Виктор Павлович закрыл глаза. В голове шумело. Пахло ладаном. Или это был запах курицы? Жареной курицы? Или утки? Или...

— А может, — медленно сказал он, — никакой бабы Нюры не было?

Тишина.

— Как не было? — прошептала Катя.

— А вот так. Не было. Мы её придумали. Все вместе. Коллективно. Чтобы было о ком вспоминать. Чтобы было кого хоронить. Чтобы было за что выпить.

Он поднял рюмку. Водка дрожала, расплёскивалась.

— За бабу Нюру. Которой не было.

— За курицу. Которой не было.

— За утку.

— За кота.

— За попугая.

— За всех, кого не было.

Выпили. Молча. Синхронно.

За окном снег падал гуще. Крупные хлопья липли к стеклу, таяли, стекали грязными струйками. Где-то во дворе закричала ворона. Или галка. Или это был не птичий крик вовсе, а скрип качелей. Или дверь подъезда. Или...

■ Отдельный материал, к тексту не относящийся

theorem theorem2p1:
  fixes lam r0 :: real and k n :: nat and m :: "nat \<Rightarrow> nat"
  assumes "lam > 0" and "k \<ge> 3"
    and "1 / real k < r0" and "r0 < 1 / real (k - 1)"
  shows "cond_prob (PPP lam) (\<lambda>\<omega>. sigma_k r0 k \<omega> = n)
           (\<lambda>\<omega>. \<forall>j\<in>{1..k-1}. lens_count r0 k j \<omega> = m j)
         = (1 / multinom (map m [1..<k])) *
           (\<Sum>w\<in>words (k - 2) m.
              \<Sum>P\<in>{P \<in> words_ab (m (k - 2)) (m (k - 1)).
                     (\<Sum>r=0..m (k - 2). S_count (k - 2) w r * pi_star True False P r) = n}.
                \<Prod>r=0..m (k - 2).
                  real ((pi_star True False P r + (\<Sum>l=1..k-3. pi_star (k - 2) l w r))
                         choose (pi_star True False P r)))"
proof -
  interpret lens_geometry r0 k using assms by unfold_locales auto
  have d: "1 \<le> k - 2" and e: "Suc (k - 2) = k - 1" "k - 2 - 1 = k - 3" "Suc (k - 1) = k"
    using assms by auto
  show ?thesis
    using cond_prob_PPP_lens_counts[OF assms(1), of n m]
      sum_binom_weight_eq_card_words[OF d, of m n, unfolded e]
      card_words_multinom[of "k - 1" m, unfolded e]
    by simp
qed

end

— Знаете, — вдруг сказала Катя. — А я вспомнила.

Все посмотрели на неё.

— Это был не кот и не курица. Это был человек.

— Человек?

— Да. Маленький человек. Карлик. Жил у бабы Нюры в чулане. Она его кормила, поила. Он ей предсказывал будущее. Говорил, что он — посланник с другой планеты. С планеты, где все жители — куры. Разумные куры. Они построили цивилизацию, космические корабли. Прилетели на Землю изучать людей. Но корабль разбился, и он остался один. Превратился в человека, чтобы выжить. Но иногда, по ночам, снова становился курицей. Чёрной с белыми крапинками. Как космос. Как звёздное небо.

Виктор Павлович внимательно посмотрел на дочь.

— Катя, ты это серьёзно?

— А что тут несерьёзного? Не более абсурдно, чем поющая курица.

— Или говорящая утка.

— Или кот — перевоплощение первого мужа.

— Или попугай, который свистел.

Марина встала, подошла к окну. Постояла, глядя на снег.

— А знаете, может, так и было. Может, был инопланетянин. Почему нет? В конце концов, что мы знаем о бабе Нюре? О её жизни? О том, что она скрывала?

— Мам, ты же материалистка. Учитель литературы.

— Литература, сынок, это и есть создание альтернативных реальностей. Каждая книга — это мир, которого не было, но который мог бы быть. Как наша курица.

— Утка.

— Кот.

— Попугай.

— Инопланетянин.

Виктор Павлович поднялся, подошёл к буфету. Достал старый фотоальбом. Начал листать. Чёрно-белые фотографии. Баба Нюра молодая. Баба Нюра с ребёнком на руках. Баба Нюра у калитки. Баба Нюра...

— Смотрите.

Все подошли, заглянули через плечо.

На фотографии баба Нюра стояла во дворе. В руках у неё была курица. Чёрная. С белыми крапинками.

— Вот! — торжествующе воскликнул Виктор Павлович. — Я же говорил!

Алексей взял альбом, поднёс к свету.

— Папа, это не курица. Это кошка.

— Какая кошка? Ты что, слепой? Вот же — гребешок!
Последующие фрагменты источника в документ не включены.